[Goal of the exercise]: Below are some records. Return exactly the lines from the one containing "(\<gamma> - \<delta>)" through the one containing "using act_add_left[OF _", both included, and only those.

★ ★ ★

section \<open>Actions of \<open>\<Gamma>\<close> on \<open>O\<^sub>K\<^sup>n\<close>\<close>

locale free_power_action = order_setting +
  fixes act :: "complex \<Rightarrow> (nat \<Rightarrow> complex) \<Rightarrow> nat \<Rightarrow> complex"
  (* Closure of M under addition is inherited from the module X by transport,
     instead of being derived from the theory of algebraic integers. *)
  assumes M_add: "w \<in> M \<Longrightarrow> w' \<in> M \<Longrightarrow> w + w' \<in> M"
    and act_closed: "\<gamma> \<in> \<Gamma> \<Longrightarrow> w \<in> M \<Longrightarrow> act \<gamma> w \<in> M"
    and act_add_left: "\<gamma> \<in> \<Gamma> \<Longrightarrow> \<delta> \<in> \<Gamma> \<Longrightarrow> w \<in> M \<Longrightarrow> act (\<gamma> + \<delta>) w = act \<gamma> w + act \<delta> w"
    and act_mult: "\<gamma> \<in> \<Gamma> \<Longrightarrow> \<delta> \<in> \<Gamma> \<Longrightarrow> w \<in> M \<Longrightarrow> act (\<gamma> * \<delta>) w = act \<gamma> (act \<delta> w)"
    and act_O': "r \<in> O' \<Longrightarrow> w \<in> M \<Longrightarrow> act (\<phi> r) w = (\<lambda>j. r * w j)"
begin

lemma act_of_int: "w \<in> M \<Longrightarrow> act (of_int k) w = (\<lambda>j. of_int k * w j)"
  using act_O'[OF subring_of_int[OF gen_subring_subring]]
  by (simp add: ring_morphism_on_of_int[OF morphism subring_K])

lemma act_zero_left: "w \<in> M \<Longrightarrow> act 0 w = 0"
  using act_of_int[of w 0] by (simp add: zero_fun_def)

lemma act_zero_right: "\<gamma> \<in> \<Gamma> \<Longrightarrow> act \<gamma> 0 = 0"
  using act_mult[OF _ of_int_\<Gamma> zero_M, of \<gamma> 0] act_zero_left[OF zero_M] by simp

lemma act_diff_left:
  assumes "\<gamma> \<in> \<Gamma>" "\<delta> \<in> \<Gamma>" "w \<in> M"
  shows "act (\<gamma> - \<delta>) w = act \<gamma> w - act \<delta> w"
proof -
  have "act \<delta> w + act (- \<delta>) w = 0"
    using act_add_left[OF assms(2) subring_uminus[OF subring_\<Gamma> assms(2)] assms(3)]
      act_zero_left[OF assms(3)] by simp
  then show ?thesis
    using act_add_left[OF assms(1) subring_uminus[OF subring_\<Gamma> assms(2)] assms(3)]
    by (simp add: eq_neg_iff_add_eq_0 add.commute)
qed

lemma act_sum_left:
  assumes "w \<in> M" "\<And>a. a \<in> A \<Longrightarrow> f a \<in> \<Gamma>"
  shows "act (\<Sum>a\<in>A. f a) w = (\<Sum>a\<in>A. act (f a) w)"
  using assms(2)
proof (induction A rule: infinite_finite_induct)
  case (insert x F)
  then show ?case
    using act_add_left[OF _ _ assms(1)] subring_sum[OF subring_\<Gamma>, of F f] by simp
qed (simp_all add: act_zero_left[OF assms(1)])

lemma act_torsion_free:
  assumes "\<delta> \<in> \<Gamma>" "\<delta> \<noteq> 0" "w \<in> M" "act \<delta> w = 0"
  shows "w = 0"
proof -
  have "inverse \<delta> \<in> L"
    using subfield_inverse[OF subfield_L] \<Gamma>_subset_L assms(1) by blast
  then obtain N :: int where N: "N > 0" "of_int N * inverse \<delta> \<in> \<Gamma>"
    using order_common_denominator[OF order, of "{inverse \<delta>}"] by auto
  have "(of_int N * inverse \<delta>) * \<delta> = of_int N"
    using assms(2) by simp
  then have "(\<lambda>j. of_int N * w j) = act ((of_int N * inverse \<delta>) * \<delta>) w"
    using act_of_int[OF assms(3), of N] by (simp only:)
  also have "\<dots> = 0"
    using act_mult[OF N(2) assms(1,3)] assms(4) act_zero_right[OF N(2)] by simp
  finally show ?thesis
    using N(1) by (simp add: fun_eq_iff)
qed

lemma act_left_inj:
  assumes "\<gamma> \<in> \<Gamma>" "\<delta> \<in> \<Gamma>" "w \<in> M" "w \<noteq> 0" "act \<gamma> w = act \<delta> w"
  shows "\<gamma> = \<delta>"
  using act_torsion_free[OF subring_diff[OF subring_\<Gamma> assms(1,2)] _ assms(3)] act_diff_left[OF assms(1-3)] assms(4,5)
  by auto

★ ★ ★

[Response for this exercise]:
  shows "act (\<gamma> - \<delta>) w = act \<gamma> w - act \<delta> w"
proof -
  have "act \<delta> w + act (- \<delta>) w = 0"
    using act_add_left[OF assms(2) subring_uminus[OF subring_\<Gamma> assms(2)] assms(3)]
      act_zero_left[OF assms(3)] by simp
  then show ?thesis
    using act_add_left[OF assms(1) subring_uminus[OF subring_\<Gamma> assms(2)] assms(3)]
    by (simp add: eq_neg_iff_add_eq_0 add.commute)
qed

lemma act_sum_left:
  assumes "w \<in> M" "\<And>a. a \<in> A \<Longrightarrow> f a \<in> \<Gamma>"
  shows "act (\<Sum>a\<in>A. f a) w = (\<Sum>a\<in>A. act (f a) w)"
  using assms(2)
proof (induction A rule: infinite_finite_induct)
  case (insert x F)
  then show ?case
    using act_add_left[OF _ _ assms(1)] subring_sum[OF subring_\<Gamma>, of F f] by simp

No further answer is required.